I have really been slacking on posting on here, sorry. It has actually been a frustrating few days for me due to how slowly I am progressing. I am slowly making progress, but I am making progress. I just anticipated already having my eggs removed and getting close to transfer time. I originially told my employer that I would return to work on Thursday the 17th but that isn't going to happen, I am looking at not returning until Tuesday May 22nd, but of course they are supportive.
My estrogen levels are taking a longer time to increase and they like the estrogen level to be at 3000. I have went in every single day to be monitored. Every day they follicles have increased and so have my estrogen levels. :) Today my follicles were ranging from 14-21 and my estrogen level yesterday had greatly increased! They are saying I may do my trigger shot tonight or tomorrow and I should know today which day it will be. This means that retreival of the eggs will be Sunday or Monday! I am not going to lie I requested that it be done on Monday if possible because the two best doctors would be preforming the retreival if it is Monday. They are going to try to see if they think I will be okay to wait one additional day, but my blood work will be able to tell them that! I had a long conversation with one of the lead doctors today about my progress and he said that it is completely normal and that they decided to take it slow seeing my age and then the number of follicles that originally popped up. They could have increased my medicine a long time ago but didn't want too. If my ovaries went through to fast of stimulation they could have been damaged forever and they don't want that.
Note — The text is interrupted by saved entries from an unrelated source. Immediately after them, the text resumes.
(* Let $E$ be a Banach lattice. If $E$ has the unbounded Grothendieck property (UGP), then $E$ has the disjoint Grothendieck property (DGP); and if $E$ has the DGP, then $E$ has the weak Grothendieck property (WGP).
   Context: Let $E$ be a Banach lattice with (norm) dual $E'$. Elements $x',y'\in E'$ are disjoint if $|x'|\wedge|y'|=0$; a sequence is disjoint if its terms are pairwise disjoint. A sequence $(x_n')\subseteq E'$ is unbounded weak$^*$ convergent to $x'\in E'$ (written $x_n'\xrightarrow{uaw^*}x'$) if $|x_n'-x'|\wedge u'\to 0$ in the weak$^*$ topology $\sigma(E',E)$ for every $u'\in E'_+$. $E$ has the WGP if every disjoint sequence $(x_n')\subseteq E'$ with $x_n'\to 0$ weak$^*$ satisfies $x_n'\to 0$ weakly (i.e. in $\sigma(E',E'')$). $E$ has the DGP if every norm bounded disjoint sequence $(x_n')\subseteq E'$ satisfies $x_n'\to 0$ weakly. $E$ has the UGP if every norm bounded sequence $(x_n')\subseteq E'$ with $x_n'\xrightarrow{uaw^*}0$ satisfies $x_n'\to0$ weakly. *)

theory Defs
  imports "HOL-Analysis.Analysis"
begin

class banach_lattice = banach + ordered_real_vector + lattice +
  assumes lattice_norm:
    "sup x (- x) \<le> sup y (- y) \<Longrightarrow> norm x \<le> norm y"

definition labs :: "'a::banach_lattice \<Rightarrow> 'a" where
  "labs x = sup x (- x)"

definition lpos :: "'a::banach_lattice \<Rightarrow> 'a" where
  "lpos x = sup x 0"

definition lneg :: "'a::banach_lattice \<Rightarrow> 'a" where
  "lneg x = sup (- x) 0"

text \<open>The order of E' is the pointwise order on the positive cone; its lattice
  operations are given by the Riesz--Kantorovich formulas. A positive functional
  is determined by its values on the positive cone and is recovered on all of E
  by x \<mapsto> phi(x+) - phi(x-).\<close>

definition dual_nonneg :: "('a::banach_lattice \<Rightarrow>\<^sub>L real) \<Rightarrow> bool" where
  "dual_nonneg f \<longleftrightarrow> (\<forall>x. 0 \<le> x \<longrightarrow> 0 \<le> blinfun_apply f x)"

definition dual_abs_cone :: "('a::banach_lattice \<Rightarrow>\<^sub>L real) \<Rightarrow> 'a \<Rightarrow> real" where
  "dual_abs_cone f y = Sup {\<bar>blinfun_apply f z\<bar> | z. labs z \<le> y}"

definition dual_inf_cone :: "('a::banach_lattice \<Rightarrow> real) \<Rightarrow> ('a \<Rightarrow> real) \<Rightarrow> 'a \<Rightarrow> real" where
  "dual_inf_cone h u x = Inf {h y + u (x - y) | y. 0 \<le> y \<and> y \<le> x}"

definition cone_ext :: "('a::banach_lattice \<Rightarrow> real) \<Rightarrow> 'a \<Rightarrow> real" where
  "cone_ext \<phi> x = \<phi> (lpos x) - \<phi> (lneg x)"

definition dual_disjoint :: "('a::banach_lattice \<Rightarrow>\<^sub>L real) \<Rightarrow> ('a \<Rightarrow>\<^sub>L real) \<Rightarrow> bool" where
  "dual_disjoint f g \<longleftrightarrow>
     (\<forall>x. 0 \<le> x \<longrightarrow> dual_inf_cone (dual_abs_cone f) (dual_abs_cone g) x = 0)"

definition disjoint_seq :: "(nat \<Rightarrow> ('a::banach_lattice \<Rightarrow>\<^sub>L real)) \<Rightarrow> bool" where
  "disjoint_seq xs \<longleftrightarrow> (\<forall>m n. m \<noteq> n \<longrightarrow> dual_disjoint (xs m) (xs n))"

definition weak_star_tendsto :: "(nat \<Rightarrow> ('a::banach_lattice \<Rightarrow>\<^sub>L real)) \<Rightarrow> ('a \<Rightarrow>\<^sub>L real) \<Rightarrow> bool" where
  "weak_star_tendsto xs l \<longleftrightarrow>
     (\<forall>x. (\<lambda>n. blinfun_apply (xs n) x) \<longlonglongrightarrow> blinfun_apply l x)"

definition weak_tendsto :: "(nat \<Rightarrow> ('a::banach_lattice \<Rightarrow>\<^sub>L real)) \<Rightarrow> ('a \<Rightarrow>\<^sub>L real) \<Rightarrow> bool" where
  "weak_tendsto xs l \<longleftrightarrow>
     (\<forall>\<Phi> :: ('a \<Rightarrow>\<^sub>L real) \<Rightarrow>\<^sub>L real.
        (\<lambda>n. blinfun_apply \<Phi> (xs n)) \<longlonglongrightarrow> blinfun_apply \<Phi> l)"

definition uaw_star_tendsto :: "(nat \<Rightarrow> ('a::banach_lattice \<Rightarrow>\<^sub>L real)) \<Rightarrow> ('a \<Rightarrow>\<^sub>L real) \<Rightarrow> bool" where
  "uaw_star_tendsto xs l \<longleftrightarrow>
     (\<forall>u. dual_nonneg u \<longrightarrow>
        (\<forall>x. (\<lambda>n. cone_ext (dual_inf_cone (dual_abs_cone (xs n - l)) (blinfun_apply u)) x)
               \<longlonglongrightarrow> 0))"

definition norm_bounded_seq :: "(nat \<Rightarrow> ('a::banach_lattice \<Rightarrow>\<^sub>L real)) \<Rightarrow> bool" where
  "norm_bounded_seq xs \<longleftrightarrow> (\<exists>M. \<forall>n. norm (xs n) \<le> M)"

definition WGP :: "'a::banach_lattice itself \<Rightarrow> bool" where
  "WGP _ \<longleftrightarrow> (\<forall>xs :: nat \<Rightarrow> ('a \<Rightarrow>\<^sub>L real).
      disjoint_seq xs \<and> weak_star_tendsto xs 0 \<longrightarrow> weak_tendsto xs 0)"

definition DGP :: "'a::banach_lattice itself \<Rightarrow> bool" where
  "DGP _ \<longleftrightarrow> (\<forall>xs :: nat \<Rightarrow> ('a \<Rightarrow>\<^sub>L real).
      norm_bounded_seq xs \<and> disjoint_seq xs \<longrightarrow> weak_tendsto xs 0)"

definition UGP :: "'a::banach_lattice itself \<Rightarrow> bool" where
  "UGP _ \<longleftrightarrow> (\<forall>xs :: nat \<Rightarrow> ('a \<Rightarrow>\<^sub>L real).
      norm_bounded_seq xs \<and> uaw_star_tendsto xs 0 \<longrightarrow> weak_tendsto xs 0)"

end

theory Submission
  imports Defs
begin

(*
  UGP ==> DGP: a disjoint sequence (x_n') is uaw*-null. Fix u' >= 0. By induction on N, the
  partial sum |x_0'| + ... + |x_(N-1)'| is disjoint from |x_N'|, and therefore
  sum_(n<N) (|x_n'| inf u')(x) <= u'(x) for every x >= 0. So the nonnegative series
  sum_n (|x_n'| inf u')(x) converges and its terms tend to 0. The lattice operations of E'
  are only available on the positive cone, through the Riesz-Kantorovich formulas, which is
  why disjointness is handled in the epsilon form cone_disjoint.

  DGP ==> WGP: a weak*-null sequence is norm bounded by the uniform boundedness principle.
*)

lemma norm_blinfun_le_if_bounded_on_ball:
  fixes f :: "'a::real_normed_vector \<Rightarrow>\<^sub>L 'b::real_normed_vector"
  assumes r: "0 < r" and bound: "\<And>x. x \<in> ball x0 r \<Longrightarrow> norm (f x) \<le> k"
  shows "norm f \<le> 4 * k / r"
proof (rule norm_blinfun_bound)
  have "norm (f x0) \<le> k" using bound r by simp
  then show "0 \<le> 4 * k / r" using r by (simp add: order_trans[OF norm_ge_zero])
  fix z :: 'a
  show "norm (f z) \<le> 4 * k / r * norm z"
  proof (cases "z = 0")
    case False
    define t where "t = (r / 2) / norm z"
    have t: "0 < t" using r False by (simp add: t_def)
    have "x0 + t *\<^sub>R z \<in> ball x0 r" using r False by (simp add: t_def dist_norm)
    then have "norm (f (x0 + t *\<^sub>R z)) \<le> k" by (rule bound)
    moreover have "norm (f x0) \<le> k" using bound r by simp
    moreover have "t * norm (f z) = norm (f (x0 + t *\<^sub>R z) - f x0)"
      using t by (simp add: blinfun.add_right blinfun.scaleR_right)
    moreover have "norm (f (x0 + t *\<^sub>R z) - f x0) \<le> norm (f (x0 + t *\<^sub>R z)) + norm (f x0)"
      by (rule norm_triangle_ineq4)
    ultimately have "t * norm (f z) \<le> 2 * k" by linarith
    then have "norm (f z) \<le> 2 * k / t" using t by (simp add: field_simps)
    also have "2 * k / t = 4 * k / r * norm z" using r False by (simp add: t_def field_simps)
    finally show ?thesis .
  qed simp
qed

theorem uniform_boundedness_blinfun:
  fixes f :: "'i \<Rightarrow> ('a::banach \<Rightarrow>\<^sub>L 'b::real_normed_vector)"
  assumes pointwise: "\<And>x. \<exists>B. \<forall>i. norm (f i x) \<le> B"
  shows "\<exists>M. \<forall>i. norm (f i) \<le> M"
proof -
  define A where "A k = {x. \<forall>i. norm (f i x) \<le> real k}" for k :: nat
  have closed_A: "closed (A k)" for k
  proof -
    have "A k = (\<Inter>i. {x. norm (f i x) \<le> real k})" by (auto simp: A_def)
    then show ?thesis by (auto intro!: closed_Collect_le continuous_intros)
  qed
  have cover: "\<Union>(range A) = UNIV"
  proof safe
    fix x
    obtain B where "\<forall>i. norm (f i x) \<le> B" using pointwise by blast
    moreover obtain k where "B \<le> real k" using real_arch_simple by blast
    ultimately have "x \<in> A k" unfolding A_def using order_trans by blast
    then show "x \<in> \<Union>(range A)" by blast
  qed simp
  have "\<exists>k. interior (A k) \<noteq> {}"
  proof (rule ccontr)
    assume no_interior: "\<not> ?thesis"
    have "euclidean interior_of \<Union>(range A) = {}"
    proof (rule Baire_category_alt)
      show "completely_metrizable_space (euclidean :: 'a topology) \<or>
            locally_compact_space (euclidean :: 'a topology) \<and> regular_space (euclidean :: 'a topology)"
        using completely_metrizable_space_euclidean by blast
      show "closedin euclidean T \<and> euclidean interior_of T = {}" if "T \<in> range A" for T
        using that closed_A no_interior unfolding closed_closedin by auto
    qed simp
    then show False using cover by simp
  qed
  then obtain k x0 where "x0 \<in> interior (A k)" by blast
  then obtain r where r: "0 < r" "ball x0 r \<subseteq> A k"
    by (meson open_contains_ball open_interior interior_subset subset_trans)
  have "norm (f i) \<le> 4 * real k / r" for i
    using r by (intro norm_blinfun_le_if_bounded_on_ball) (auto simp: A_def)
  then show ?thesis by blast
qed

lemma weak_star_tendsto_imp_norm_bounded_seq:
  fixes xs :: "nat \<Rightarrow> ('a::banach_lattice \<Rightarrow>\<^sub>L real)"
  assumes "weak_star_tendsto xs l"
  shows "norm_bounded_seq xs"
  unfolding norm_bounded_seq_def
proof (rule uniform_boundedness_blinfun)
  fix x
  have "(\<lambda>n. xs n x) \<longlonglongrightarrow> l x" using assms unfolding weak_star_tendsto_def by blast
  then have "Bseq (\<lambda>n. xs n x)" by (intro convergent_imp_Bseq convergentI)
  then show "\<exists>B. \<forall>n. norm (xs n x) \<le> B" unfolding Bseq_def by blast
qed

lemma labs_eq_self: "0 \<le> (y::'a::banach_lattice) \<Longrightarrow> labs y = y"
  unfolding labs_def by (rule sup_absorb1) (meson neg_le_0_iff_le order_trans)

lemma labs_ge: "(z::'a::banach_lattice) \<le> labs z" "- z \<le> labs z"
  unfolding labs_def by auto

lemma norm_le_if_labs_le: "0 \<le> (y::'a::banach_lattice) \<Longrightarrow> labs z \<le> y \<Longrightarrow> norm z \<le> norm y"
  using lattice_norm[of z y] labs_eq_self[of y] unfolding labs_def by simp

lemma labs_le_0_iff: "labs (z::'a::banach_lattice) \<le> 0 \<longleftrightarrow> z = 0"
proof
  assume h: "labs z \<le> 0"
  have "z \<le> 0" using labs_ge(1)[of z] h by (rule order_trans)
  moreover have "- z \<le> 0" using labs_ge(2)[of z] h by (rule order_trans)
  ultimately show "z = 0" by (metis antisym neg_le_0_iff_le)
qed (simp add: labs_def)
My amazing Mom is flying out to be with me on Tuesday night and she is bringing my little brother who everyone knows is the love of my life! I am so excited for her to be able to enjoy this journey with me! My husband came in Wednesday night. He has been able to make it to some of the appointments which we didn't expect so that is a good thing! I have still been working every single day trying to get this property in some type of order. I decided to not work at all today though because I woke up in severe pain and I am having a lot of nausea. The doctors said this is normal due to the size that my ovaries are becoming. He wants to drive around and site see today and I agreed as long as I am able to sit in the car, lol. We are trying to treat this as a vacation so that we can relax and not think about all the technical stuff but it's hard for me considering I have worked every single day since I have been here. I am also going to get a massage today because I haven't had one in a few days. I think I may have to buy more now that everything has been pushed back because I only have two left. But we will see. Milena is at the hospital now preparing for retreival.... I am so excited for her! I am sad though because she is going home for the weekend and then only coming back for the transfer so I really won't see her to much anymore. We will stay in touch though because she lives so close to me. I am so glad I had her because without her I don't know what I would have done when my husband wasn't here. Everyone say a prayer for her to have an awesome retrieval rate and successful pregnancy of course..... and continue the prayers for me as well!
I will be sure to update after we go "site-seeing" today.
This is such a great post, so glad to hear you had a heart to heart with the lead doctor, it is everything I thought, they know what they are doing!!! I cannot wait to get on that plane Tuesday afternoon, you know how I hate to fly, but coming to you, baby, it's just a thing! Koda and I will be there to spend the rest of the week with you!!! I love you so much sweetheart, momma is so so proud of you!!!!